Of all the classifiers, the random forest classifier yields the highest accuracy of 93% with precision/recall also = 93%.

after writing to a dot file one can execute
dot -Tpng small_tree.dot -o small_tree.png 
to write the random forest decisions to a png file



![title](small_tree.png)

The random forest is too hard to read due to the depth here is too high because max_depth=None so we change max_depth attribute to 3

![title](lit_tree.png)

According to the root of the tree, the Margin feature is first compared, then either Shape or BI-RADS is compared depending if the root yields either true or false. This raises the question of why is Margin the first comparsion and why does Shape or BI-RADS come next?
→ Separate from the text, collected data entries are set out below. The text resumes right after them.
(* Let $n\ge 1$, let $\chi$ be an irreducible character of $S_n$, let $1\le k\le n$ and let $A,X^1,\ldots,X^k\in M_n(\mathbb{C})$. Then $$D^k d_{\chi}(A)(X^1,\ldots ,X^k)= \sum_{\sigma \in S_k} \sum_{\alpha \in Q_{k,n}}d_{\chi}\big(A(\alpha ;X^{\sigma(1)},\ldots ,X^{\sigma(k)})\big).$$ In particular, for every $X\in M_n(\mathbb{C})$, $$D^k d_{\chi}(A)(X,\ldots ,X)= k!\sum_{\alpha \in Q_{k,n}}d_{\chi}\big(A(\alpha ;X,\ldots ,X)\big).$$
   Context: For $A=(a_{ij})\in M_n(\mathbb{C})$, $d_\chi(A)=\sum_{\sigma\in S_n}\chi(\sigma)\prod_{i=1}^n a_{i\sigma(i)}$ (the immanant). The $k$-th derivative of $d_\chi$ at $A$ in direction $(X^1,\ldots,X^k)$ is $D^k d_\chi(A)(X^1,\ldots,X^k)=\frac{\partial^k}{\partial t_1\cdots\partial t_k}\big|_{t_1=\cdots=t_k=0} d_\chi(A+t_1X^1+\cdots+t_kX^k)$. $Q_{k,n}$ is the set of strictly increasing maps $\{1,\ldots,k\}\to\{1,\ldots,n\}$. For $\alpha\in Q_{k,n}$ and $Y^1,\ldots,Y^k\in M_n(\mathbb{C})$, $A(\alpha;Y^1,\ldots,Y^k)$ is the $n\times n$ matrix obtained from $A$ by replacing, for each $j=1,\ldots,k$, the $\alpha(j)$-th column of $A$ by the $\alpha(j)$-th column of $Y^j$, all other columns being those of $A$. *)

theory Defs
  imports Complex_Main "HOL-Analysis.Derivative" "HOL-Combinatorics.Permutations" "Jordan_Normal_Form.Matrix"
begin

text \<open>Conventions: matrices are JNF matrices in carrier_mat n n with 0-based indices
  0..n-1; S_n is the set of permutations of {0..<n}; the directions X^1..X^k are
  indexed 0..k-1 (X 0, ..., X (k-1)); Q_{k,n} consists of strictly increasing lists of
  length k with entries < n.\<close>

definition invariant_subspace :: "nat \<Rightarrow> ((nat \<Rightarrow> nat) \<Rightarrow> complex mat) \<Rightarrow> nat \<Rightarrow> complex vec set \<Rightarrow> bool" where
  "invariant_subspace n \<rho> d W \<longleftrightarrow>
     W \<subseteq> carrier_vec d \<and> 0\<^sub>v d \<in> W \<and>
     (\<forall>v\<in>W. \<forall>w\<in>W. v + w \<in> W) \<and> (\<forall>c. \<forall>v\<in>W. c \<cdot>\<^sub>v v \<in> W) \<and>
     (\<forall>\<sigma>. \<sigma> permutes {..<n} \<longrightarrow> (\<forall>v\<in>W. \<rho> \<sigma> *\<^sub>v v \<in> W))"

definition is_rep :: "nat \<Rightarrow> ((nat \<Rightarrow> nat) \<Rightarrow> complex mat) \<Rightarrow> nat \<Rightarrow> bool" where
  "is_rep n \<rho> d \<longleftrightarrow>
     (\<forall>\<sigma>. \<sigma> permutes {..<n} \<longrightarrow> \<rho> \<sigma> \<in> carrier_mat d d) \<and>
     \<rho> id = 1\<^sub>m d \<and>
     (\<forall>\<sigma> \<tau>. \<sigma> permutes {..<n} \<longrightarrow> \<tau> permutes {..<n} \<longrightarrow> \<rho> (\<sigma> \<circ> \<tau>) = \<rho> \<sigma> * \<rho> \<tau>)"

definition irreducible_rep :: "nat \<Rightarrow> ((nat \<Rightarrow> nat) \<Rightarrow> complex mat) \<Rightarrow> nat \<Rightarrow> bool" where
  "irreducible_rep n \<rho> d \<longleftrightarrow> is_rep n \<rho> d \<and> d > 0 \<and>
     (\<forall>W. invariant_subspace n \<rho> d W \<longrightarrow> W = {0\<^sub>v d} \<or> W = carrier_vec d)"

definition mat_trace :: "complex mat \<Rightarrow> complex" where
  "mat_trace M = (\<Sum>i<dim_row M. M $$ (i,i))"

text \<open>Irreducible character of S_n (values on S_n; values outside S_n are irrelevant).\<close>
definition irreducible_character :: "nat \<Rightarrow> ((nat \<Rightarrow> nat) \<Rightarrow> complex) \<Rightarrow> bool" where
  "irreducible_character n chi \<longleftrightarrow>
     (\<exists>\<rho> d. irreducible_rep n \<rho> d \<and> (\<forall>\<sigma>. \<sigma> permutes {..<n} \<longrightarrow> chi \<sigma> = mat_trace (\<rho> \<sigma>)))"

definition immanant :: "nat \<Rightarrow> ((nat \<Rightarrow> nat) \<Rightarrow> complex) \<Rightarrow> complex mat \<Rightarrow> complex" where
  "immanant n chi A = (\<Sum>\<sigma> | \<sigma> permutes {..<n}. chi \<sigma> * (\<Prod>i<n. A $$ (i, \<sigma> i)))"

definition partial :: "nat \<Rightarrow> ((nat \<Rightarrow> complex) \<Rightarrow> complex) \<Rightarrow> ((nat \<Rightarrow> complex) \<Rightarrow> complex)" where
  "partial j F = (\<lambda>t. deriv (\<lambda>s. F (t(j := s))) (t j))"
section \<open>Adjoining an interpolant\<close>

definition adjoin4 :: "rat set \<Rightarrow> rat \<Rightarrow> rat \<Rightarrow> rat \<Rightarrow> rat \<Rightarrow> rat set" where
  "adjoin4 T w1 w2 w3 w4 = {t + of_nat n1 * w1 + of_nat n2 * w2 + of_nat n3 * w3 + of_nat n4 * w4
      | t n1 n2 n3 n4. t \<in> T}"

lemma adjoin4_memI:
  "t \<in> T \<Longrightarrow> t + of_nat n1 * w1 + of_nat n2 * w2 + of_nat n3 * w3 + of_nat n4 * w4 \<in> adjoin4 T w1 w2 w3 w4"
  unfolding adjoin4_def by blast

lemma adjoin4_add:
  fixes T :: "rat set"
  assumes Tadd: "\<forall>a\<in>T. \<forall>b\<in>T. a + b \<in> T"
    and "a \<in> adjoin4 T w1 w2 w3 w4" "b \<in> adjoin4 T w1 w2 w3 w4"
  shows "a + b \<in> adjoin4 T w1 w2 w3 w4"
proof -
  obtain t n1 n2 n3 n4 t' n1' n2' n3' n4' where t: "t \<in> T" "t' \<in> T"
    and "a = t + of_nat n1 * w1 + of_nat n2 * w2 + of_nat n3 * w3 + of_nat n4 * w4"
    and "b = t' + of_nat n1' * w1 + of_nat n2' * w2 + of_nat n3' * w3 + of_nat n4' * w4"
    using assms(2,3) unfolding adjoin4_def by blast
  then have "a + b = (t + t') + of_nat (n1 + n1') * w1 + of_nat (n2 + n2') * w2
      + of_nat (n3 + n3') * w3 + of_nat (n4 + n4') * w4"
    by (simp add: algebra_simps)
  then show ?thesis using adjoin4_memI Tadd t by metis
qed

lemma adjoin4_normal_form:
  fixes T :: "rat set"
  assumes Tadd: "\<forall>a\<in>T. \<forall>b\<in>T. a + b \<in> T"
    and w: "w1 + w2 \<in> T" "w1 + w3 \<in> T" "w4 + w2 \<in> T" "w4 + w3 \<in> T"
  shows "t \<in> T \<Longrightarrow> \<exists>t'\<in>T. \<exists>a b.
    t + of_nat n1 * w1 + of_nat n2 * w2 + of_nat n3 * w3 + of_nat n4 * w4 = t' + of_nat a * w1 + of_nat b * w4 \<or>
    t + of_nat n1 * w1 + of_nat n2 * w2 + of_nat n3 * w3 + of_nat n4 * w4 = t' + of_nat a * w2 + of_nat b * w3"
proof (induction "n1 + n2 + n3 + n4" arbitrary: t n1 n2 n3 n4 rule: less_induct)
  case less
  consider "n2 = 0" "n3 = 0" | "n1 = 0" "n4 = 0" | "n1 > 0" "n2 > 0" | "n1 > 0" "n3 > 0"
    | "n4 > 0" "n2 > 0" | "n4 > 0" "n3 > 0" by linarith
  then show ?case
  proof cases
    case 1 then show ?thesis using less.prems by force
  next
    case 2 then show ?thesis using less.prems by force
  next
    case 3
    then obtain a b where "n1 = Suc a" "n2 = Suc b" by (metis gr0_conv_Suc)
    then show ?thesis using less.hyps[of a b n3 n4 "t + (w1 + w2)"] less.prems w Tadd
      by (simp add: algebra_simps)
  next
    case 4
    then obtain a b where "n1 = Suc a" "n3 = Suc b" by (metis gr0_conv_Suc)
    then show ?thesis using less.hyps[of a n2 b n4 "t + (w1 + w3)"] less.prems w Tadd
      by (simp add: algebra_simps)
  next
    case 5
    then obtain a b where "n4 = Suc a" "n2 = Suc b" by (metis gr0_conv_Suc)
    then show ?thesis using less.hyps[of n1 b n3 a "t + (w4 + w2)"] less.prems w Tadd
      by (simp add: algebra_simps)
  next
    case 6
    then obtain a b where "n4 = Suc a" "n3 = Suc b" by (metis gr0_conv_Suc)
    then show ?thesis using less.hyps[of n1 n2 b a "t + (w4 + w3)"] less.prems w Tadd
      by (simp add: algebra_simps)
  qed
qed

lemma two_generator_element_in_cone:
  fixes T L :: "rat set"
  assumes Tadd: "\<forall>a\<in>T. \<forall>b\<in>T. a + b \<in> T" and TL: "T \<subseteq> L" and L: "subgrp L" "d \<in> L"
    and Q: "Q > 0" and step: "\<And>j. j \<le> Q \<Longrightarrow> of_nat Q * w + of_nat j * d \<in> T"
    and dvd: "\<And>j. of_nat j * w \<in> L \<Longrightarrow> Q dvd j"
  shows "t \<in> T \<Longrightarrow> t + of_nat a * w + of_nat b * (w + d) \<in> L \<Longrightarrow> t + of_nat a * w + of_nat b * (w + d) \<in> T"
proof (induction "a + b" arbitrary: t a b rule: less_induct)
  case less
  define v where "v = t + of_nat a * w + of_nat b * (w + d)"
  have vL: "v \<in> L" using less.prems(2) unfolding v_def .
  have "of_nat (a + b) * w = v - t - of_nat b * d" unfolding v_def by (simp add: algebra_simps)
  moreover have "v - t - of_nat b * d \<in> L"
    using less.prems TL L unfolding v_def[symmetric] by (meson subgrp_diff subgrp_nat_mult subsetD)
  ultimately have "Q dvd a + b" using dvd by simp
  show ?case
  proof (cases "a + b = 0")
    case True then show ?thesis using less.prems by simp
  next
    case False
    with \<open>Q dvd a + b\<close> have "Q \<le> a + b" by (simp add: dvd_imp_le)
    show ?thesis
    proof (cases "Q \<le> a")
      case True
      have t': "t + (of_nat Q * w + of_nat 0 * d) \<in> T" using less.prems(1) step[of 0] Tadd by simp
      have v: "v = (t + (of_nat Q * w + of_nat 0 * d)) + of_nat (a - Q) * w + of_nat b * (w + d)"
        using True unfolding v_def by (simp add: of_nat_diff algebra_simps)
      have "v \<in> T"
        unfolding v by (rule less.hyps) (use True Q t' vL[unfolded v] in auto)
      then show ?thesis unfolding v_def .
    next
      case False
      define j where "j = Q - a"
      have t': "t + (of_nat Q * w + of_nat j * d) \<in> T" using less.prems(1) step[of j] Tadd j_def by simp
      have v: "v = (t + (of_nat Q * w + of_nat j * d)) + of_nat 0 * w + of_nat (b - j) * (w + d)"
        using False \<open>Q \<le> a + b\<close> unfolding v_def j_def by (simp add: of_nat_diff algebra_simps)
      have "v \<in> T"
        unfolding v by (rule less.hyps) (use False \<open>Q \<le> a + b\<close> t' vL[unfolded v] j_def in auto)
      then show ?thesis unfolding v_def .
    qed
  qed
qed

lemma adjoin4_order_unit:
  fixes T L L' :: "rat set"
  assumes T: "simple_cone L T" and L: "subgrp L" and Q: "Q > 0"
    and w: "of_nat Q * w1 \<in> T" "of_nat Q * w2 \<in> T" "of_nat Q * w3 \<in> T" "of_nat Q * w4 \<in> T"
    and decomp: "\<And>h. h \<in> L' \<Longrightarrow> \<exists>c < Q. \<exists>l\<in>L. h = l + of_nat c * w1"
    and u: "u \<in> adjoin4 T w1 w2 w3 w4" "u \<noteq> 0" and h: "h \<in> L'"
  shows "\<exists>N::nat. h + of_nat N * u \<in> adjoin4 T w1 w2 w3 w4 \<and> of_nat N * u - h \<in> adjoin4 T w1 w2 w3 w4"
proof -
  have T0: "0 \<in> T" and Tadd: "\<forall>a\<in>T. \<forall>b\<in>T. a + b \<in> T" and TL: "T \<subseteq> L"
    and Tsimple: "\<And>u h. u \<in> T \<Longrightarrow> u \<noteq> 0 \<Longrightarrow> h \<in> L \<Longrightarrow> \<exists>N::nat. h + of_nat N * u \<in> T \<and> of_nat N * u - h \<in> T"
    using T unfolding simple_cone_def by blast+
  note mult = cone_nat_mult[OF T0 Tadd]
  obtain t n1 n2 n3 n4 where t: "t \<in> T"
    and ut: "u = t + of_nat n1 * w1 + of_nat n2 * w2 + of_nat n3 * w3 + of_nat n4 * w4"
    using u(1) unfolding adjoin4_def by blast
  define u' where "u' = of_nat Q * u"
  have "u' = of_nat Q * t + of_nat n1 * (of_nat Q * w1) + of_nat n2 * (of_nat Q * w2)
      + of_nat n3 * (of_nat Q * w3) + of_nat n4 * (of_nat Q * w4)"
    unfolding u'_def ut by (simp add: algebra_simps)
  then have u'T: "u' \<in> T" using mult[OF t] mult[OF w(1)] mult[OF w(2)] mult[OF w(3)] mult[OF w(4)] Tadd
    by simp
  have u'0: "u' \<noteq> 0" unfolding u'_def using u(2) Q by simp
  obtain c l where c: "c < Q" "l \<in> L" "h = l + of_nat c * w1" using decomp[OF h] by blast
  obtain N1 where N1: "l + of_nat N1 * u' \<in> T" using Tsimple[OF u'T u'0 c(2)] by blast
  have "l + of_nat Q * w1 \<in> L" using c(2) w(1) TL L by (auto intro: subgrp_add)
  then obtain N2 where N2: "of_nat N2 * u' - (l + of_nat Q * w1) \<in> T" using Tsimple[OF u'T u'0] by blast
  have Nu: "of_nat (Q * (N1 + N2)) * u = of_nat N1 * u' + of_nat N2 * u'"
    unfolding u'_def by (simp add: algebra_simps)
  have "h + of_nat (Q * (N1 + N2)) * u
      = ((l + of_nat N1 * u') + of_nat N2 * u') + of_nat c * w1 + of_nat 0 * w2 + of_nat 0 * w3 + of_nat 0 * w4"
    unfolding Nu c(3) by (simp add: algebra_simps)
  moreover have "of_nat (Q * (N1 + N2)) * u - h
      = ((of_nat N2 * u' - (l + of_nat Q * w1)) + of_nat N1 * u') + of_nat (Q - c) * w1
        + of_nat 0 * w2 + of_nat 0 * w3 + of_nat 0 * w4"
    unfolding Nu c(3) using c(1) by (simp add: of_nat_diff algebra_simps)
  ultimately show ?thesis
    using N1 N2 mult[OF u'T] Tadd adjoin4_memI by (metis (no_types, lifting))
qed

lemma simple_cone_adjoin4:
  fixes L T :: "rat set"
  assumes T: "simple_cone L T" and L: "subgrp L" and Q: "Q > 0"
    and w: "of_nat Q * w1 \<in> T" "of_nat Q * w2 \<in> T" "of_nat Q * w3 \<in> T" "of_nat Q * w4 \<in> T"
    and decomp: "\<And>h. h \<in> over L Q \<Longrightarrow> \<exists>c < Q. \<exists>l\<in>L. h = l + of_nat c * w1"
  shows "simple_cone (over L Q) (adjoin4 T w1 w2 w3 w4)"
  unfolding simple_cone_def
proof (intro conjI ballI impI)
  have T0: "0 \<in> T" and Tadd: "\<forall>a\<in>T. \<forall>b\<in>T. a + b \<in> T" and Tnn: "\<forall>t\<in>T. 0 \<le> t" and TL: "T \<subseteq> L"
    using T unfolding simple_cone_def by blast+
  have "T \<subseteq> over L Q" using TL subset_over[OF L Q] by blast
  moreover have "w1 \<in> over L Q" "w2 \<in> over L Q" "w3 \<in> over L Q" "w4 \<in> over L Q"
    using w TL Q by (auto simp: in_over_iff)
  ultimately show "adjoin4 T w1 w2 w3 w4 \<subseteq> over L Q"
    using subgrp_over[OF L] unfolding adjoin4_def by (force intro!: subgrp_add subgrp_nat_mult)
  show "0 \<in> adjoin4 T w1 w2 w3 w4" using adjoin4_memI[OF T0, of 0 _ 0 _ 0 _ 0] by simp
  show "a + b \<in> adjoin4 T w1 w2 w3 w4" if "a \<in> adjoin4 T w1 w2 w3 w4" "b \<in> adjoin4 T w1 w2 w3 w4" for a b
    using adjoin4_add[OF Tadd] that by blast
  have "0 \<le> w1" "0 \<le> w2" "0 \<le> w3" "0 \<le> w4"
    using w Tnn Q by (metis of_nat_0_less_iff zero_le_mult_iff not_less)+
  then show "0 \<le> a" if "a \<in> adjoin4 T w1 w2 w3 w4" for a
    using that Tnn unfolding adjoin4_def by auto
  show "\<exists>N::nat. h + of_nat N * u \<in> adjoin4 T w1 w2 w3 w4 \<and> of_nat N * u - h \<in> adjoin4 T w1 w2 w3 w4"
    if "u \<in> adjoin4 T w1 w2 w3 w4" "u \<noteq> 0" "h \<in> over L Q" for u h
    using adjoin4_order_unit[OF T L Q w decomp that] by blast
qed

text \<open>Modulo \<open>L\<close>, an element of the enlarged cone is a natural multiple of \<open>w\<close>, and since
  \<open>r\<close> is not divisible by \<open>q\<close> in \<open>L\<close> that multiple is one of \<open>Q\<close>; the hypotheses \<open>lower\<close> and
  \<open>upper\<close> say precisely that such blocks of \<open>Q\<close> generators can be absorbed into \<open>T\<close>.\<close>

lemma adjoin_interpolant_inter:
  fixes L T :: "rat set"
  assumes Tadd: "\<forall>a\<in>T. \<forall>b\<in>T. a + b \<in> T" and TL: "T \<subseteq> L" and L: "subgrp L"
    and q: "prime q" and Q: "Q = q ^ k"
    and xy: "x \<in> T" "y1 \<in> T" "y2 \<in> T" "y1 + y2 - x \<in> T"
    and r: "r \<in> L" "\<not> divisible_in L q r"
    and lower: "\<And>j. j \<le> Q \<Longrightarrow> r + of_nat j * (y2 - x) \<in> T"
    and upper: "\<And>j. j \<le> Q \<Longrightarrow> of_nat Q * x - r + of_nat j * (y1 - x) \<in> T"
  defines "w \<equiv> r / of_nat Q"
  shows "adjoin4 T w (x - w) (y1 - w) (y2 - (x - w)) \<inter> L \<subseteq> T"
proof
  fix v assume v: "v \<in> adjoin4 T w (x - w) (y1 - w) (y2 - (x - w)) \<inter> L"
  have Q0: "Q > 0" using q Q by (simp add: prime_gt_0_nat)
  have Qw: "of_nat Q * w = r" unfolding w_def using Q0 by simp
  have dvd: "Q dvd j" if "of_nat j * w \<in> L" for j
    using prime_power_dvd_if_mult_fraction_in[OF L q r] that unfolding w_def Q .
  have dvd': "Q dvd j" if "of_nat j * (x - w) \<in> L" for j
    using dvd subgrp_diff[OF L subgrp_nat_mult[OF L, of x j] that] TL xy(1)
    by (simp add: algebra_simps subset_iff)
  have dL: "y2 - x \<in> L" "y1 - x \<in> L" using xy TL L by (auto intro: subgrp_diff)
  obtain t n1 n2 n3 n4 where t: "t \<in> T"
    and vt: "v = t + of_nat n1 * w + of_nat n2 * (x - w) + of_nat n3 * (y1 - w) + of_nat n4 * (y2 - (x - w))"
    using v unfolding adjoin4_def by blast
  have "w + (x - w) \<in> T" "w + (y1 - w) \<in> T" "y2 - (x - w) + (x - w) \<in> T" "y2 - (x - w) + (y1 - w) \<in> T"
    using xy by (simp_all add: algebra_simps)
  from adjoin4_normal_form[OF Tadd this t] obtain t' a b where t': "t' \<in> T" and
    "v = t' + of_nat a * w + of_nat b * (y2 - (x - w)) \<or> v = t' + of_nat a * (x - w) + of_nat b * (y1 - w)"
    unfolding vt by blast
  moreover have "y2 - (x - w) = w + (y2 - x)" "y1 - w = (x - w) + (y1 - x)" by simp_all
  ultimately consider
      "v = t' + of_nat a * w + of_nat b * (w + (y2 - x))"
    | "v = t' + of_nat a * (x - w) + of_nat b * ((x - w) + (y1 - x))"
    by argo
  then show "v \<in> T"
  proof cases
    case 1
    have "of_nat Q * w + of_nat j * (y2 - x) \<in> T" if "j \<le> Q" for j
      using lower[OF that] Qw by simp
    then show ?thesis using two_generator_element_in_cone[OF Tadd TL L dL(1) Q0 _ dvd t'] v 1 by blast
  next
    case 2
    have "of_nat Q * (x - w) + of_nat j * (y1 - x) \<in> T" if "j \<le> Q" for j
      using upper[OF that] Qw by (simp add: right_diff_distrib)
    then show ?thesis using two_generator_element_in_cone[OF Tadd TL L dL(2) Q0 _ dvd' t'] v 2 by blast
  qed
qed
lemma macaulay_holds_3: "macaulay_holds 3"
  unfolding macaulay_holds_def
proof (intro allI impI)
  have three: "(3::nat) = Suc 2" by simp
  fix d G assume "G \<subseteq> monomials 3 d"
  then have G: "G \<subseteq> monomials (Suc 2) d" unfolding three .
  let ?L = "revlex_seg (Suc 2) d (card G)"
  have "card (shadow ?L) \<le> card (shadow G)"
  proof (cases "G = {}")
    case True
    then show ?thesis by (simp add: revlex_seg_0)
  next
    case False
    have card_L: "card ?L = card G"
      using card_mono[OF finite_monomials G] by (simp add: card_revlex_seg_le)
    then have "?L \<noteq> {}" using False G finite_monomials finite_subset by fastforce
    then obtain c0 where c0: "c0 \<le> d" "0 < card (slice 2 c0 ?L)" "\<And>c. c < c0 \<Longrightarrow> slice 2 c ?L = {}"
      "slice 2 c0 ?L = revlex_seg 2 (d - c0) (card (slice 2 c0 ?L))"
      "\<And>c. c0 < c \<Longrightarrow> c \<le> d \<Longrightarrow> slice 2 c ?L = monomials 2 (d - c)"
      using revlex_closed_slices_last[OF revlex.down_closed_initial_seg] by blast
    note layered = revlex.initial_seg_subset c0(1,2,3,4) refl c0(5)
    define t where "t = d - c0"
    obtain E where E: "2 * card G + E \<le> E * E" "card G + E \<le> card (shadow G)"
      using card_shadow_3_ge[OF G] .
    have "t + 2 \<le> E"
    proof (rule ccontr)
      assume "\<not> t + 2 \<le> E"
      then have "E \<le> t + 1" by simp
      then have "E * E \<le> E * t + E" "E * t \<le> t * t + t"
        using mult_le_mono2[of E "t + 1" E] mult_le_mono1[of E "t + 1" t]
          by (simp_all add: algebra_simps)
      moreover have "2 + t * t + t \<le> 2 * card G"
        using card_layered_ge[OF layered] card_L unfolding t_def by (simp add: algebra_simps)
      ultimately show False using E(1) by linarith
    qed
    moreover have "card (shadow ?L) \<le> card G + (t + 2)"
      using card_shadow_layered_le[OF layered] card_L unfolding t_def by simp
    ultimately show ?thesis using E(2) by simp
  qed
  then show "card (shadow (revlex_seg 3 d (card G))) \<le> card (shadow G)" unfolding three .
qed
lemma nn_integral_power2_norm_cinner_n_le:
  fixes F :: "'a \<Rightarrow> complex^'n::finite"
  assumes F: "square_integrable M F"
  shows "(\<integral>\<^sup>+ x. ennreal ((cmod (cinner_n v (F x)))\<^sup>2) \<partial>M)
    \<le> ennreal ((real CARD('n))\<^sup>2 * (\<integral>x. (norm (F x))\<^sup>2 \<partial>M) * (norm v)\<^sup>2)"
proof -
  have [measurable]: "(\<lambda>x. F x $ k) \<in> borel_measurable M" for k
    using F by (rule square_integrable_measurable)
  have int: "integrable M (\<lambda>x. (norm (F x))\<^sup>2)"
    using F unfolding square_integrable_def by blast
  have "(\<integral>\<^sup>+ x. ennreal ((cmod (cinner_n v (F x)))\<^sup>2) \<partial>M)
      \<le> (\<integral>\<^sup>+ x. ennreal ((real CARD('n) * norm v)\<^sup>2) * ennreal ((norm (F x))\<^sup>2) \<partial>M)"
    by (rule nn_integral_mono) (simp add: ennreal_mult[symmetric] power2_norm_cinner_n_le)
  also have "\<dots> = ennreal ((real CARD('n) * norm v)\<^sup>2) * ennreal (\<integral>x. (norm (F x))\<^sup>2 \<partial>M)"
    by (simp add: nn_integral_cmult nn_integral_eq_integral[OF int])
  also have "\<dots> = ennreal ((real CARD('n))\<^sup>2 * (\<integral>x. (norm (F x))\<^sup>2 \<partial>M) * (norm v)\<^sup>2)"
    by (simp add: ennreal_mult[symmetric] power_mult_distrib mult_ac)
  finally show ?thesis .
qed

lemma cont_frameI:
  fixes F :: "'a \<Rightarrow> complex^'n::finite"
  assumes F: "square_integrable M F" and "has_lower_frame_bound M F"
  shows "cont_frame M F"
proof -
  obtain A where "A > 0"
    and lower: "\<And>v. ennreal (A * (norm v)\<^sup>2) \<le> (\<integral>\<^sup>+ x. ennreal ((cmod (cinner_n v (F x)))\<^sup>2) \<partial>M)"
    using \<open>has_lower_frame_bound M F\<close> unfolding has_lower_frame_bound_def by blast
  have int: "integrable M (\<lambda>x. (norm (F x))\<^sup>2)"
    using F unfolding square_integrable_def by blast
  define B where "B = A + (real CARD('n))\<^sup>2 * (\<integral>x. (norm (F x))\<^sup>2 \<partial>M)"
  have "A \<le> B" unfolding B_def by simp
  have upper: "(\<integral>\<^sup>+ x. ennreal ((cmod (cinner_n v (F x)))\<^sup>2) \<partial>M) \<le> ennreal (B * (norm v)\<^sup>2)" for v
    using \<open>A > 0\<close>
    by (intro order.trans[OF nn_integral_power2_norm_cinner_n_le[OF F]])
       (auto simp: B_def intro!: ennreal_leI mult_right_mono)
  have "(\<integral>\<^sup>+ x. ennreal ((norm (F x))\<^sup>2) \<partial>M) < \<infinity>"
    by (simp add: nn_integral_eq_integral[OF int])
  then show ?thesis
    unfolding cont_frame_def using square_integrable_measurable[OF F] \<open>A > 0\<close> \<open>A \<le> B\<close> lower upper
    by blast
qed

lemma homogeneous_positive_bounded_below:
  fixes Q :: "'a::euclidean_space \<Rightarrow> real"
  assumes "continuous_on UNIV Q" and homogeneous: "\<And>r v. Q (r *\<^sub>R v) = r\<^sup>2 * Q v"
    and positive: "\<And>v. v \<noteq> 0 \<Longrightarrow> Q v > 0"
  obtains A where "A > 0" "\<And>v. A * (norm v)\<^sup>2 \<le> Q v"
proof -
  have "sphere (0::'a) 1 \<noteq> {}"
    using vector_choose_size[of 1] by auto
  then obtain u where u: "u \<in> sphere 0 1" and min: "\<And>w. w \<in> sphere 0 1 \<Longrightarrow> Q u \<le> Q w"
    using continuous_attains_inf[OF compact_sphere _ continuous_on_subset[OF assms(1)]]
    by blast
  show thesis
  proof
    show "Q u > 0" using u by (intro positive) auto
    show "Q u * (norm v)\<^sup>2 \<le> Q v" for v
    proof (cases "v = 0")
      case True
      then show ?thesis using homogeneous[of 0 v] by simp
    next
      case False
      have "Q v = (norm v)\<^sup>2 * Q ((1 / norm v) *\<^sub>R v)"
        using homogeneous[of "norm v" "(1 / norm v) *\<^sub>R v"] False by simp
      moreover have "Q u \<le> Q ((1 / norm v) *\<^sub>R v)"
        using False by (intro min) simp
      ultimately show ?thesis by (metis mult.commute mult_right_mono zero_le_power2)
    qed
  qed
qed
As well as being a good classifier, the random forest ensemble has the ability to discern which features have the highest impact on the classification. Ultimately this will help decide which features should be closely examined to determine the severity.

In [None]:
print "Features sorted by their score:"
for feature in zip(cols, feat):
    print(feature)

According to the random forest classifier, BI-RADS has the most influence; however in the URL from the dataset BI-RADS is non-predictive. Age, Margin, and Shape all have a large influence on deciding classification.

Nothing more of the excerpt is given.